YOUR OBJECTIVE: Only lines holding the string "True" are wanted; copy each one from the material.

EXCERPTED DATA:
lemma sum_shift_periodic:
  fixes a b :: nat and f :: "nat \<Rightarrow> 'a::ab_group_add"
  assumes "a \<le> b" "f a = f b"
  shows "(\<Sum>u\<in>{a..<b}. f (u+1)) = (\<Sum>u\<in>{a..<b}. f u)"
proof -
  have "(\<Sum>u\<in>{a..<b}. f (u+1)) = sum f {Suc a..<Suc b}"
    by (subst sum.shift_bounds_Suc_ivl) simp
  also have "\<dots> = sum f {a..<Suc b} - f a"
    using assms(1) by (subst sum.atLeast_Suc_lessThan[of a "Suc b"]) simp_all
  also have "\<dots> = sum f {a..<b}"
    using assms by (subst sum.atLeastLessThan_Suc) simp_all
  finally show ?thesis .
qed

definition dcorr :: "nat \<Rightarrow> int \<Rightarrow> int \<Rightarrow> real" where
  "dcorr lam p q = (\<Sum>t\<in>{2^lam..<2^(lam+1)}. delta p t * delta q t)"

text \<open>The odd-index recursion couples \<open>\<delta>(\<cdot>, t)\<close> with \<open>\<delta>(\<cdot>, t+1)\<close>, so the correlations
  \<open>dcorr\<close> of \<open>\<delta>\<close> with itself have to be studied together with the shifted ones.\<close>

definition dcorr_shift :: "nat \<Rightarrow> int \<Rightarrow> int \<Rightarrow> real" where
  "dcorr_shift lam p q = (\<Sum>t\<in>{2^lam..<2^(lam+1)}. delta p t * delta q (t+1))"

lemma sum_block_Suc:
  fixes f :: "nat \<Rightarrow> 'a::comm_monoid_add"
  shows "(\<Sum>t\<in>{2^Suc lam..<2^(Suc lam+1)}. f t) = (\<Sum>u\<in>{2^lam..<2^(lam+1)}. f (2*u) + f (2*u+1))"
  using sum_pairs[of "2^lam" "2^(lam+1)" f] by simp

text \<open>Since \<open>\<delta>(j, 2^\<lambda>) = \<delta>(j, 2^(\<lambda>+1))\<close>, shifting a dyadic block by one does not change the sum.\<close>

lemma sum_block_shift:
  "(\<Sum>u\<in>{2^lam..<2^(lam+1)}. delta p (u+1) * delta q (u+1)) = dcorr lam p q"
  unfolding dcorr_def by (rule sum_shift_periodic) (simp_all add: delta_pow2 del: power_Suc)

lemma dcorr_Suc: "dcorr (Suc lam) p q = dcorr lam p q +
   (dcorr lam (p-1) (q-1) + dcorr_shift lam (p-1) (q+1) + dcorr_shift lam (q-1) (p+1)
    + dcorr lam (p+1) (q+1)) / 4"
proof -
  have "dcorr (Suc lam) p q = (\<Sum>u\<in>{2^lam..<2^(lam+1)}. delta p u * delta q u +
      (delta (p-1) u * delta (q-1) u + delta (p-1) u * delta (q+1) (u+1)
       + delta (q-1) u * delta (p+1) (u+1) + delta (p+1) (u+1) * delta (q+1) (u+1)) / 4)"
    unfolding dcorr_def sum_block_Suc
    by (intro sum.cong refl) (simp only: delta_double delta_Suc_double, simp add: field_simps)
  also have "\<dots> = dcorr lam p q +
   (dcorr lam (p-1) (q-1) + dcorr_shift lam (p-1) (q+1) + dcorr_shift lam (q-1) (p+1)
    + (\<Sum>u\<in>{2^lam..<2^(lam+1)}. delta (p+1) (u+1) * delta (q+1) (u+1))) / 4"
    unfolding dcorr_def dcorr_shift_def by (simp only: sum.distrib sum_divide_distrib[symmetric])
  also have "\<dots> = dcorr lam p q +
   (dcorr lam (p-1) (q-1) + dcorr_shift lam (p-1) (q+1) + dcorr_shift lam (q-1) (p+1)
    + dcorr lam (p+1) (q+1)) / 4"
    by (simp only: sum_block_shift)
  finally show ?thesis .
qed

lemma dcorr_shift_Suc: "dcorr_shift (Suc lam) p q =
   (dcorr lam p (q-1) + dcorr_shift lam p (q+1) + dcorr_shift lam (p-1) q + dcorr lam (p+1) q) / 2"
proof -
  have "dcorr_shift (Suc lam) p q = (\<Sum>u\<in>{2^lam..<2^(lam+1)}.
      (delta p u * delta (q-1) u + delta p u * delta (q+1) (u+1) + delta (p-1) u * delta q (u+1)
       + delta (p+1) (u+1) * delta q (u+1)) / 2)"
  proof (unfold dcorr_shift_def sum_block_Suc, intro sum.cong refl)
    fix u
    have "delta q (2*u+1+1) = delta q (u+1)"
      using delta_double[of q "u+1"] by (simp add: algebra_simps)
    then show "delta p (2*u) * delta q (2*u+1) + delta p (2*u+1) * delta q (2*u+1+1) =
      (delta p u * delta (q-1) u + delta p u * delta (q+1) (u+1) + delta (p-1) u * delta q (u+1)
       + delta (p+1) (u+1) * delta q (u+1)) / 2"
      by (simp only: delta_double delta_Suc_double, simp add: field_simps)
  qed
  also have "\<dots> = (dcorr lam p (q-1) + dcorr_shift lam p (q+1) + dcorr_shift lam (p-1) q
      + (\<Sum>u\<in>{2^lam..<2^(lam+1)}. delta (p+1) (u+1) * delta q (u+1))) / 2"
    unfolding dcorr_def dcorr_shift_def by (simp only: sum.distrib sum_divide_distrib[symmetric])
  also have "\<dots> = (dcorr lam p (q-1) + dcorr_shift lam p (q+1) + dcorr_shift lam (p-1) q
      + dcorr lam (p+1) q) / 2"
    by (simp only: sum_block_shift)
  finally show ?thesis .
qed

lemma delta_eq_0_in_block:
  assumes "t < 2^(lam+1)" "p > int lam + 1"
  shows "delta p t = 0" "delta p (t+1) = 0"
  using assms bsum_le_if_le_pow2[of "lam+1" t] bsum_le_if_le_pow2[of "lam+1" "t+1"]
  by (auto intro!: delta_eq_0)

lemma dcorr_eq_0:
  assumes "p > int lam + 1 \<or> q > int lam + 1"
  shows "dcorr lam p q = 0"
  unfolding dcorr_def
proof (intro sum.neutral ballI)
  fix t :: nat assume "t \<in> {2^lam..<2^(lam+1)}"
  then have t: "t < 2^(lam+1)" by simp
  show "delta p t * delta q t = 0"
    using assms delta_eq_0_in_block[OF t, of p] delta_eq_0_in_block[OF t, of q] by auto
qed

lemma dcorr_shift_eq_0:
  assumes "p > int lam + 1 \<or> q > int lam + 1"
  shows "dcorr_shift lam p q = 0"
  unfolding dcorr_shift_def
proof (intro sum.neutral ballI)
  fix t :: nat assume "t \<in> {2^lam..<2^(lam+1)}"
  then have t: "t < 2^(lam+1)" by simp
  show "delta p t * delta q (t+1) = 0"
    using assms delta_eq_0_in_block[OF t, of p] delta_eq_0_in_block[OF t, of q] by auto
qed

definition ccoef :: "nat \<Rightarrow> nat \<Rightarrow> nat \<Rightarrow> real" where
  "ccoef lam k l = 4 ^ lam * dcorr_shift lam (int lam + 1 - int k) (int lam + 1 - int l)"

lemma acoef_eq_dcorr: "acoef lam k l = 4 ^ lam * dcorr lam (int lam + 1 - int k) (int lam + 1 - int l)"
  unfolding acoef_def dcorr_def ..

lemma acoef_commute: "acoef lam k l = acoef lam l k"
  unfolding acoef_def by (simp add: mult.commute)

lemma scaled_dcorr_offset:
  "4^lam * dcorr lam (int lam + 1 - int k + int s) (int lam + 1 - int l + int r)
     = (if s \<le> k \<and> r \<le> l then acoef lam (k-s) (l-r) else 0)"
proof (cases "s \<le> k \<and> r \<le> l")
  case True
  then have "int lam + 1 - int k + int s = int lam + 1 - int (k - s)"
    "int lam + 1 - int l + int r = int lam + 1 - int (l - r)" by simp_all
  with True show ?thesis by (simp only: acoef_eq_dcorr simp_thms if_True)
qed (auto intro!: dcorr_eq_0)

lemma scaled_dcorr_shift_offset:
  "4^lam * dcorr_shift lam (int lam + 1 - int k + int s) (int lam + 1 - int l + int r)
     = (if s \<le> k \<and> r \<le> l then ccoef lam (k-s) (l-r) else 0)"
proof (cases "s \<le> k \<and> r \<le> l")
  case True
  then have "int lam + 1 - int k + int s = int lam + 1 - int (k - s)"
    "int lam + 1 - int l + int r = int lam + 1 - int (l - r)" by simp_all
  with True show ?thesis by (simp only: ccoef_def simp_thms if_True)
qed (auto intro!: dcorr_shift_eq_0)
lemma card_Fs_le:
  fixes h :: "'a::{field,finite}" and s :: nat
  assumes four: "(4::'a) \<noteq> 0"
  defines "t \<equiv> s div 4" and "m \<equiv> s div 2" and "u \<equiv> s div 3"
  shows "card (Fs h s) \<le> (t + 1) ^ 2 * card (sgn_set h) * CARD('a) ^ (2 * m + 3)
                        + (t + 1) * card (sgn_set h) * CARD('a) ^ (m + u + 3)"
proof -
  let ?S = "sgn_set h"
  let ?U1 = "\<Union>i\<le>t. \<Union>j\<le>t. cubic_box ?S i j (m - j) (m - i)"
  let ?U2 = "\<Union>i\<le>t. cubic_box ?S i 0 u (m - i)"
  have "t \<le> m" unfolding t_def m_def by presburger
  have U1: "card ?U1 \<le> (t + 1) ^ 2 * card ?S * CARD('a) ^ (2 * m + 3)"
  proof -
    have box: "card (cubic_box ?S i j (m - j) (m - i)) \<le> card ?S * CARD('a) ^ (2 * m + 3)"
      if "i \<le> t" "j \<le> t" for i j
    proof -
      have "i + j + (m - j) + (m - i) + 3 = 2 * m + 3" using that \<open>t \<le> m\<close> by simp
      thus ?thesis using card_cubic_box(2)[of ?S i j "m - j" "m - i"] by simp
    qed
    have "card ?U1 \<le> (\<Sum>i\<le>t. \<Sum>j\<le>t. card (cubic_box ?S i j (m - j) (m - i)))"
      by (intro card_UN_le[THEN order_trans] sum_mono card_UN_le) simp_all
    also have "\<dots> \<le> (\<Sum>i\<le>t. \<Sum>j\<le>t. card ?S * CARD('a) ^ (2 * m + 3))"
      using box by (intro sum_mono) simp
    also have "\<dots> = (t + 1) ^ 2 * card ?S * CARD('a) ^ (2 * m + 3)"
      by (simp add: power2_eq_square algebra_simps)
    finally show ?thesis .
  qed
  have U2: "card ?U2 \<le> (t + 1) * card ?S * CARD('a) ^ (m + u + 3)"
  proof -
    have box: "card (cubic_box ?S i 0 u (m - i)) \<le> card ?S * CARD('a) ^ (m + u + 3)"
      if "i \<le> t" for i
    proof -
      have "i + 0 + u + (m - i) + 3 = m + u + 3" using that \<open>t \<le> m\<close> by simp
      thus ?thesis using card_cubic_box(2)[of ?S i 0 u "m - i"] by (simp add: add.commute)
    qed
    have "card ?U2 \<le> (\<Sum>i\<le>t. card (cubic_box ?S i 0 u (m - i)))"
      by (rule card_UN_le) simp
    also have "\<dots> \<le> (\<Sum>i\<le>t. card ?S * CARD('a) ^ (m + u + 3))"
      using box by (intro sum_mono) simp
    also have "\<dots> = (t + 1) * card ?S * CARD('a) ^ (m + u + 3)"
      by (simp add: algebra_simps)
    finally show ?thesis .
  qed
  have "card (Fs h s) \<le> card (?U1 \<union> ?U2)"
  proof (rule card_mono)
    show "finite (?U1 \<union> ?U2)" by (simp add: card_cubic_box(1))
    show "Fs h s \<subseteq> ?U1 \<union> ?U2"
      using Fs_subset_boxes[OF four, of h s] by (simp add: t_def m_def u_def)
  qed
  also have "\<dots> \<le> card ?U1 + card ?U2" by (rule card_Un_le)
  finally show ?thesis using U1 U2 by linarith
qed
(* Let $x:M^n\to\mathbb{R}^{n+1}$ be a locally strongly convex centroaffine hypersurface, and suppose there is a smooth function $\mu$ on $M^n$ such that $(\hat\nabla_ZK)(X,Y)=\mu\big(h(X,Y)Z+h(X,Z)Y+h(Y,Z)X\big)$ for all tangent vectors $X,Y,Z$. Let $p\in M^n$ and let $\{e_1,\dots,e_n\}$ be an $h$-orthonormal basis of $T_pM^n$ such that $e_1$ is a point where $f(u)=h(K_uu,u)$ attains its absolute maximum on $\{u\in T_pM^n: h(u,u)=1\}$, $K_{e_1}e_i=\lambda_ie_i$ for $i=1,\dots,n$, and $\lambda_1\ge2\lambda_i$ for $i\ge2$ (with $f(e_i)=0$ whenever $\lambda_1=2\lambda_i$). Write $K^l_{jk}=h(K_{e_j}e_k,e_l)$. Then at $p$: $$e_l(\mu)=0,\quad 2\le l\le n;$$ $$e_1(\mu)=(2\lambda_l-\lambda_1)(\lambda_l^2-\lambda_1\lambda_l+\varepsilon),\quad 2\le l\le n;$$ $$(2\lambda_k-\lambda_1)(\lambda_l-\lambda_j)K^l_{jk}=0,\quad 2\le j\ne l\le n,\ 1\le k\le n;$$ $$(\lambda_l^2-\lambda_1\lambda_l+\varepsilon)K^l_{ll}=0,\quad 2\le l\le n.$$
   Context: A centroaffine hypersurface is an immersion $x:M^n\to\mathbb{R}^{n+1}$ whose position vector is everywhere transversal to the tangent space; with $D$ the flat connection of $\mathbb{R}^{n+1}$, $D_Xx_*(Y)=x_*(\nabla_XY)+h(X,Y)(-\varepsilon x)$, $\varepsilon=\pm1$, defines the induced connection $\nabla$ and centroaffine metric $h$. Locally strongly convex means $h$ definite, and $\varepsilon$ is chosen so that $h$ is positive definite; this $\varepsilon$ appears in the claim. $\hat\nabla$ is the Levi-Civita connection of $h$ and $K_XY=\nabla_XY-\hat\nabla_XY$ the difference tensor ($h(K_XY,Z)$ is totally symmetric). An orthonormal basis with the stated properties exists at every point. *)

theory Defs
  imports "HOL-Analysis.Analysis"
begin

text \<open>The hypersurface is described in a chart:
  U is an open subset of the parameter space real^'n and x : U -> R^(n+1),
  where R^(n+1) is modelled as (real^'n) \<times> real.
  Tangent vectors at u are coefficient vectors X in real^'n w.r.t. the
  coordinate frame d/du_1, ..., d/du_n.\<close>

definition pd :: "'n::finite \<Rightarrow> (real^'n \<Rightarrow> 'b::real_normed_vector) \<Rightarrow> real^'n \<Rightarrow> 'b" where
  "pd i f = (\<lambda>u. frechet_derivative f (at u) (axis i 1))"

fun pds :: "'n::finite list \<Rightarrow> (real^'n \<Rightarrow> 'b::real_normed_vector) \<Rightarrow> real^'n \<Rightarrow> 'b" where
  "pds [] f = f"
| "pds (i # is) f = pd i (pds is f)"

definition smooth_on :: "(real^'n::finite) set \<Rightarrow> (real^'n \<Rightarrow> 'b::real_normed_vector) \<Rightarrow> bool" where
  "smooth_on U f \<longleftrightarrow> (\<forall>is. pds is f differentiable_on U)"

text \<open>Centroaffine hypersurface data: x is smooth and transversal, and
  G k i j (Christoffel symbols of the induced connection nabla,
  nabla_{d_i} d_j = sum_k G k i j d_k) and the centroaffine metric h i j
  satisfy the structure equation
  D_{d_i} x_*(d_j) = x_*(nabla_{d_i} d_j) + h(d_i,d_j)(-eps x).\<close>
definition centroaffine_hypersurface ::
  "(real^'n::finite) set \<Rightarrow> (real^'n \<Rightarrow> (real^'n) \<times> real) \<Rightarrow> real
    \<Rightarrow> ('n \<Rightarrow> 'n \<Rightarrow> 'n \<Rightarrow> real^'n \<Rightarrow> real) \<Rightarrow> ('n \<Rightarrow> 'n \<Rightarrow> real^'n \<Rightarrow> real) \<Rightarrow> bool" where
  "centroaffine_hypersurface U x eps G h \<longleftrightarrow>
     open U \<and> smooth_on U x \<and> (eps = 1 \<or> eps = -1) \<and>
     (\<forall>u\<in>U. independent (insert (x u) (range (\<lambda>i. pd i x u))) \<and>
             x u \<notin> range (\<lambda>i. pd i x u) \<and> inj (\<lambda>i. pd i x u)) \<and>
     (\<forall>u\<in>U. \<forall>i j. pd i (pd j x) u =
         (\<Sum>k\<in>UNIV. G k i j u *\<^sub>R pd k x u) + (h i j u * (- eps)) *\<^sub>R x u)"

definition hform :: "('n::finite \<Rightarrow> 'n \<Rightarrow> real^'n \<Rightarrow> real) \<Rightarrow> real^'n \<Rightarrow> real^'n \<Rightarrow> real^'n \<Rightarrow> real" where
  "hform h u X Y = (\<Sum>i\<in>UNIV. \<Sum>j\<in>UNIV. X$i * Y$j * h i j u)"

text \<open>Locally strongly convex with h positive definite.\<close>
definition positive_definite_on ::
  "(real^'n::finite) set \<Rightarrow> ('n \<Rightarrow> 'n \<Rightarrow> real^'n \<Rightarrow> real) \<Rightarrow> bool" where
  "positive_definite_on U h \<longleftrightarrow> (\<forall>u\<in>U. \<forall>X. X \<noteq> 0 \<longrightarrow> hform h u X X > 0)"

definition gmat :: "('n::finite \<Rightarrow> 'n \<Rightarrow> real^'n \<Rightarrow> real) \<Rightarrow> real^'n \<Rightarrow> real^'n^'n" where
  "gmat h u = (\<chi> i j. h i j u)"

definition LC :: "('n::finite \<Rightarrow> 'n \<Rightarrow> real^'n \<Rightarrow> real) \<Rightarrow> 'n \<Rightarrow> 'n \<Rightarrow> 'n \<Rightarrow> real^'n \<Rightarrow> real" where
  "LC h k i j u = (1/2) * (\<Sum>l\<in>UNIV. matrix_inv (gmat h u) $ k $ l *
        (pd i (h j l) u + pd j (h i l) u - pd l (h i j) u))"

definition Kc :: "('n::finite \<Rightarrow> 'n \<Rightarrow> 'n \<Rightarrow> real^'n \<Rightarrow> real) \<Rightarrow> ('n \<Rightarrow> 'n \<Rightarrow> real^'n \<Rightarrow> real)
    \<Rightarrow> 'n \<Rightarrow> 'n \<Rightarrow> 'n \<Rightarrow> real^'n \<Rightarrow> real" where
  "Kc G h k i j u = G k i j u - LC h k i j u"

definition Kt :: "('n::finite \<Rightarrow> 'n \<Rightarrow> 'n \<Rightarrow> real^'n \<Rightarrow> real) \<Rightarrow> ('n \<Rightarrow> 'n \<Rightarrow> real^'n \<Rightarrow> real)
    \<Rightarrow> real^'n \<Rightarrow> real^'n \<Rightarrow> real^'n \<Rightarrow> real^'n" where
  "Kt G h u X Y = (\<chi> k. \<Sum>i\<in>UNIV. \<Sum>j\<in>UNIV. X$i * Y$j * Kc G h k i j u)"

definition covK :: "('n::finite \<Rightarrow> 'n \<Rightarrow> 'n \<Rightarrow> real^'n \<Rightarrow> real) \<Rightarrow> ('n \<Rightarrow> 'n \<Rightarrow> real^'n \<Rightarrow> real)
    \<Rightarrow> real^'n \<Rightarrow> real^'n \<Rightarrow> real^'n \<Rightarrow> real^'n \<Rightarrow> real^'n" where
  "covK G h u Z X Y = (\<chi> l. \<Sum>k\<in>UNIV. \<Sum>i\<in>UNIV. \<Sum>j\<in>UNIV. Z$k * X$i * Y$j *
      (pd k (Kc G h l i j) u
       + (\<Sum>m\<in>UNIV. LC h l k m u * Kc G h m i j u)
       - (\<Sum>m\<in>UNIV. LC h m k i u * Kc G h l m j u)
       - (\<Sum>m\<in>UNIV. LC h m k j u * Kc G h l i m u)))"

end

(*
  In a chart, the structure equation of x, together with the symmetry of third derivatives of x,
  yields the Gauss equation R(X,Y)Z = -eps (h(X,Z)Y - h(Y,Z)X) of the induced connection and
  the Codazzi equation, which makes h(K_X Y, Z) totally symmetric. Since the Levi-Civita connection
  is nabla - K, its curvature is R(X,Y) - [K_X, K_Y]. Differentiating the hypothesis on the
  covariant derivative of K once more and antisymmetrising gives the Ricci identity

    Rhat(W,Z) K(X,Y) = W(mu) S(Z,X,Y) - Z(mu) S(W,X,Y) + K(Rhat(W,Z)X, Y) + K(X, Rhat(W,Z)Y)

  with S(Z,X,Y) = h(X,Y)Z + h(X,Z)Y + h(Y,Z)X. Evaluated on an orthonormal eigenframe of K_{e_1}
  these are scalar equations from which the four identities follow by elementary algebra.
*)

theory Submission
  imports Defs
begin

section \<open>Directional derivatives\<close>

definition dderiv :: "real^'n::finite \<Rightarrow> (real^'n \<Rightarrow> 'b::real_normed_vector) \<Rightarrow> real^'n \<Rightarrow> 'b" where
  "dderiv W f u = frechet_derivative f (at u) W"

lemma pd_eq_dderiv: "pd i f u = dderiv (axis i 1) f u"
  by (simp add: pd_def dderiv_def)

lemma dderiv_eq: "(f has_derivative F) (at u) \<Longrightarrow> dderiv W f u = F W"
  by (simp add: dderiv_def frechet_derivative_at[symmetric])

lemma has_derivative_dderiv: "f differentiable (at u) \<Longrightarrow> (f has_derivative (\<lambda>W. dderiv W f u)) (at u)"
  unfolding dderiv_def by (metis frechet_derivative_works eta_contract_eq)

lemma frechet_derivative_cong:
  assumes "open U" "u \<in> U" "\<And>v. v \<in> U \<Longrightarrow> f v = g v"
  shows "frechet_derivative f (at u) = frechet_derivative g (at u)"
proof -
  have "\<And>F. (f has_derivative F) (at u) \<longleftrightarrow> (g has_derivative F) (at u)"
    using assms has_derivative_transform_within_open[of f _ u UNIV U g]
      has_derivative_transform_within_open[of g _ u UNIV U f] by metis
  then show ?thesis unfolding frechet_derivative_def by simp
qed

lemma dderiv_cong: "open U \<Longrightarrow> u \<in> U \<Longrightarrow> (\<And>v. v \<in> U \<Longrightarrow> f v = g v) \<Longrightarrow> dderiv W f u = dderiv W g u"
  unfolding dderiv_def using frechet_derivative_cong by metis

lemma pd_cong: "open U \<Longrightarrow> u \<in> U \<Longrightarrow> (\<And>v. v \<in> U \<Longrightarrow> f v = g v) \<Longrightarrow> pd i f u = pd i g u"
  unfolding pd_eq_dderiv by (rule dderiv_cong)

lemma differentiable_on_cong: "open U \<Longrightarrow> (\<And>v. v \<in> U \<Longrightarrow> f v = g v) \<Longrightarrow> f differentiable_on U \<Longrightarrow> g differentiable_on U"
proof -
  assume U: "open U" and e: "\<And>v. v \<in> U \<Longrightarrow> f v = g v" and f: "f differentiable_on U"
  have "g differentiable (at u)" if u: "u \<in> U" for u
  proof -
    obtain F where "(f has_derivative F) (at u)"
      using f u U unfolding differentiable_on_eq_differentiable_at[OF U] differentiable_def by blast
    then have "(g has_derivative F) (at u)"
      using has_derivative_transform_within_open[of f F u UNIV U g] U u e by blast
    then show ?thesis unfolding differentiable_def by blast
  qed
  then show ?thesis using differentiable_on_eq_differentiable_at[OF U] by blast
qed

TASK ANSWER:
  case True
  with True show ?thesis by (simp only: acoef_eq_dcorr simp_thms if_True)
  case True
  with True show ?thesis by (simp only: ccoef_def simp_thms if_True)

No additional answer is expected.